Remove chronically unengaged subscribers. Subscribers who have not opened or clicked in 6-12 months are more likely to have abandoned the address. Run a re-engagement campaign first (a “Do you still want to hear from us?” email), then remove those who do not respond. This reduces both bounces and the drag on your engagement metrics.
Sending Practices
Warm up gradually. If you are sending from a new domain or IP, or if you are re-activating a list that has not been mailed in months, start with small volumes to your most engaged subscribers. Sudden large sends to unvalidated lists produce bounce spikes that can immediately damage your reputation.
Segment by engagement. Send to your most engaged subscribers first, then expand to less active segments. This naturally prioritizes the addresses most likely to be valid and responsive, building positive reputation signals before reaching the riskier portions of your list.
Monitor campaign-level bounce data. After every send, review bounce reports. Look for patterns — are bounces concentrated on a specific domain, a specific sign-up source, or a specific list segment? Patterns reveal the root cause and point to the fix.
How ESPs Handle Bounces
Understanding your ESP’s bounce handling is important because most of the process happens automatically.
Hard bounces are typically suppressed after the first occurrence. The address is moved to a suppression list and will not receive future mailings. Some ESPs allow you to download hard bounce lists for cross-referencing with other systems.
Soft bounces are retried automatically, usually 3-5 times over 24-72 hours. If all retries fail, the address may be temporarily suppressed or flagged. After multiple campaigns with consecutive soft bounces, most ESPs will treat the address as a hard bounce.
Bounce codes provide specific information about why delivery failed. Common codes include 550 (user unknown / mailbox not found), 552 (mailbox full), 421 (service temporarily unavailable), and 451 (local error in processing). Your ESP’s bounce reports may include these codes, which help diagnose systemic issues.
The Bottom Line
Bounce management is not glamorous, but it is one of the most impactful things you can do for your email program. A clean list with low bounce rates supports strong sender reputation, reliable deliverability, and accurate performance metrics. Invest in validation at the point of collection, maintain strict list hygiene, and treat every hard bounce as a data point that makes your next campaign stronger.

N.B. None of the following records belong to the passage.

lemma emeasure_times_le_nn_integral:
  assumes "A \<in> sets M" and "\<And>x. x \<in> A \<Longrightarrow> c \<le> f x"
  shows "c * emeasure M A \<le> (\<integral>\<^sup>+x. f x \<partial>M)"
proof -
  have "c * emeasure M A = (\<integral>\<^sup>+x. c * indicator A x \<partial>M)"
    using assms(1) by (simp add: nn_integral_cmult_indicator)
  also have "\<dots> \<le> (\<integral>\<^sup>+x. f x \<partial>M)"
    using assms(2) by (intro nn_integral_mono) (simp split: split_indicator)
  finally show ?thesis .
qed

lemma L2_H_of_bounded:
  assumes "f \<in> borel_measurable borel" and "\<And>w. w \<in> hartogs \<Longrightarrow> cmod (f w) \<le> c"
  shows "L2_H f"
proof -
  interpret finite_measure "lebesgue_on hartogs"
    by (rule finite_measure_lebesgue_on_hartogs)
  have [measurable]: "f \<in> borel_measurable (lebesgue_on hartogs)"
    using assms(1) by (rule borel_measurable_lebesgue_on)
  have "integrable (lebesgue_on hartogs) (\<lambda>w. (cmod (f w))\<^sup>2)"
    by (rule integrable_const_bound[where B = "c\<^sup>2"])
       (use assms(2) in \<open>auto intro!: AE_I2 power_mono\<close>)
  then show ?thesis
    by (simp add: L2_H_def)
qed

lemma L2norm_sq_H_of_real:
  assumes "L2_H (\<lambda>w. of_real (g w))"
  shows "L2norm_sq_H (\<lambda>w. of_real (g w)) = ennreal (\<integral>w. (g w)\<^sup>2 \<partial>lebesgue_on hartogs)"
  using assms unfolding L2norm_sq_H_def L2_H_def by (simp add: nn_integral_eq_integral)

subsection \<open>The Berezin kernel\<close>

definition berezin_kernel :: "complex \<times> complex \<Rightarrow> complex \<times> complex \<Rightarrow> real" where
  "berezin_kernel w z = (cmod (bergman_H w z))\<^sup>2 / Re (bergman_H z z)"

definition diag_factor :: "complex \<times> complex \<Rightarrow> real" where
  "diag_factor z = ((cmod (fst z))\<^sup>2 - (cmod (snd z))\<^sup>2)\<^sup>2 * (1 - (cmod (fst z))\<^sup>2)\<^sup>2"

lemma diag_factor_pos:
  assumes "z \<in> hartogs"
  shows "0 < diag_factor z"
proof -
  have "cmod (snd z) < cmod (fst z)" "cmod (fst z) < 1"
    using assms by (simp_all add: mem_hartogs)
  then have "0 < (cmod (fst z))\<^sup>2 - (cmod (snd z))\<^sup>2" "0 < 1 - (cmod (fst z))\<^sup>2"
    by (simp_all add: power_strict_mono abs_square_less_1)
  then show ?thesis
    unfolding diag_factor_def by (intro mult_pos_pos zero_less_power)
qed

lemma Re_bergman_H_diag: "Re (bergman_H z z) = (cmod (fst z))\<^sup>2 / (pi\<^sup>2 * diag_factor z)"
proof -
  have "bergman_H z z = of_real ((cmod (fst z))\<^sup>2 / (pi\<^sup>2 * diag_factor z))"
    unfolding bergman_H_def diag_factor_def complex_norm_square[symmetric] by simp
  then show ?thesis
    by simp
qed

lemma norm_bergman_H:
  "cmod (bergman_H w z) = cmod (fst w) * cmod (fst z) /
     (pi\<^sup>2 * (cmod (fst w * cnj (fst z) - snd w * cnj (snd z)))\<^sup>2 * (cmod (1 - fst w * cnj (fst z)))\<^sup>2)"
  unfolding bergman_H_def by (simp add: norm_divide norm_mult norm_power)

lemma berezin_kernel_eq:
  assumes "z \<in> hartogs"
  shows "berezin_kernel w z = (cmod (fst w))\<^sup>2 * diag_factor z /
    (pi\<^sup>2 * (cmod (fst w * cnj (fst z) - snd w * cnj (snd z)))^4 * (cmod (1 - fst w * cnj (fst z)))^4)"
proof -
  show ?thesis
    using hartogs_norm_fst_pos[OF assms] diag_factor_pos[OF assms]
    unfolding berezin_kernel_def Re_bergman_H_diag norm_bergman_H by (simp add: divide_simps)
qed

lemma hartogs_kernel_denominator_bounds:
  assumes "z \<in> hartogs" and "w \<in> hartogs"
  shows "cmod (fst w) * (cmod (fst z) - cmod (snd z)) \<le> cmod (fst w * cnj (fst z) - snd w * cnj (snd z))"
    and "cmod (fst w * cnj (fst z) - snd w * cnj (snd z)) \<le> 2 * cmod (fst w)"
    and "1 - cmod (fst z) \<le> cmod (1 - fst w * cnj (fst z))"
    and "cmod (1 - fst w * cnj (fst z)) \<le> 2"
proof -
  define a b x y where "a = cmod (fst w)" and "b = cmod (snd w)"
    and "x = cmod (fst z)" and "y = cmod (snd z)"
  have xy: "0 \<le> y" "y < x" "x < 1" and ab: "0 \<le> b" "b < a" "a < 1"
    using assms by (auto simp: mem_hartogs a_def b_def x_def y_def)
  have D1: "a * x - b * y \<le> cmod (fst w * cnj (fst z) - snd w * cnj (snd z))"
           "cmod (fst w * cnj (fst z) - snd w * cnj (snd z)) \<le> a * x + b * y"
    unfolding a_def b_def x_def y_def
    by (metis complex_mod_cnj norm_mult norm_triangle_ineq2,
        metis complex_mod_cnj norm_mult norm_triangle_ineq4)
  have D2: "1 - a * x \<le> cmod (1 - fst w * cnj (fst z))" "cmod (1 - fst w * cnj (fst z)) \<le> 1 + a * x"
    unfolding a_def x_def
    by (metis complex_mod_cnj norm_mult norm_one norm_triangle_ineq2,
        metis complex_mod_cnj norm_mult norm_one norm_triangle_ineq4)
  have "b * y \<le> a * y" "a * x \<le> a" "a * x \<le> x" "b * y \<le> b"
    using xy ab by (simp_all add: mult_right_mono mult_left_le mult_left_le_one_le)
  with D1 D2 ab show "a * (x - y) \<le> cmod (fst w * cnj (fst z) - snd w * cnj (snd z))"
    and "cmod (fst w * cnj (fst z) - snd w * cnj (snd z)) \<le> 2 * a"
    and "1 - x \<le> cmod (1 - fst w * cnj (fst z))"
    and "cmod (1 - fst w * cnj (fst z)) \<le> 2"
    unfolding right_diff_distrib by linarith+
qed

Frequently Asked Questions
What is a good email bounce rate?
A healthy overall bounce rate is below 2%. Hard bounces specifically should stay below 0.5%. If your hard bounce rate exceeds 2%, you likely have list quality issues — purchased contacts, outdated addresses, or insufficient validation at the point of collection. Most ESPs will suspend accounts with consistently high bounce rates.
Do bounced emails hurt my sender reputation?
Yes, particularly hard bounces. High hard bounce rates signal to inbox providers that you are sending to poorly maintained or purchased lists, which is a hallmark of spammers. Consistently high bounce rates will damage your domain and IP reputation, reducing deliverability for all your emails — not just the ones that bounced.
Should I remove soft bounces from my list?
Not immediately. Soft bounces are temporary, and the address may accept mail on the next attempt. Most ESPs automatically retry soft bounces 3-5 times over 24-72 hours. However, if an address soft bounces on multiple consecutive campaigns (typically 3-5 in a row), it should be treated as a hard bounce and removed.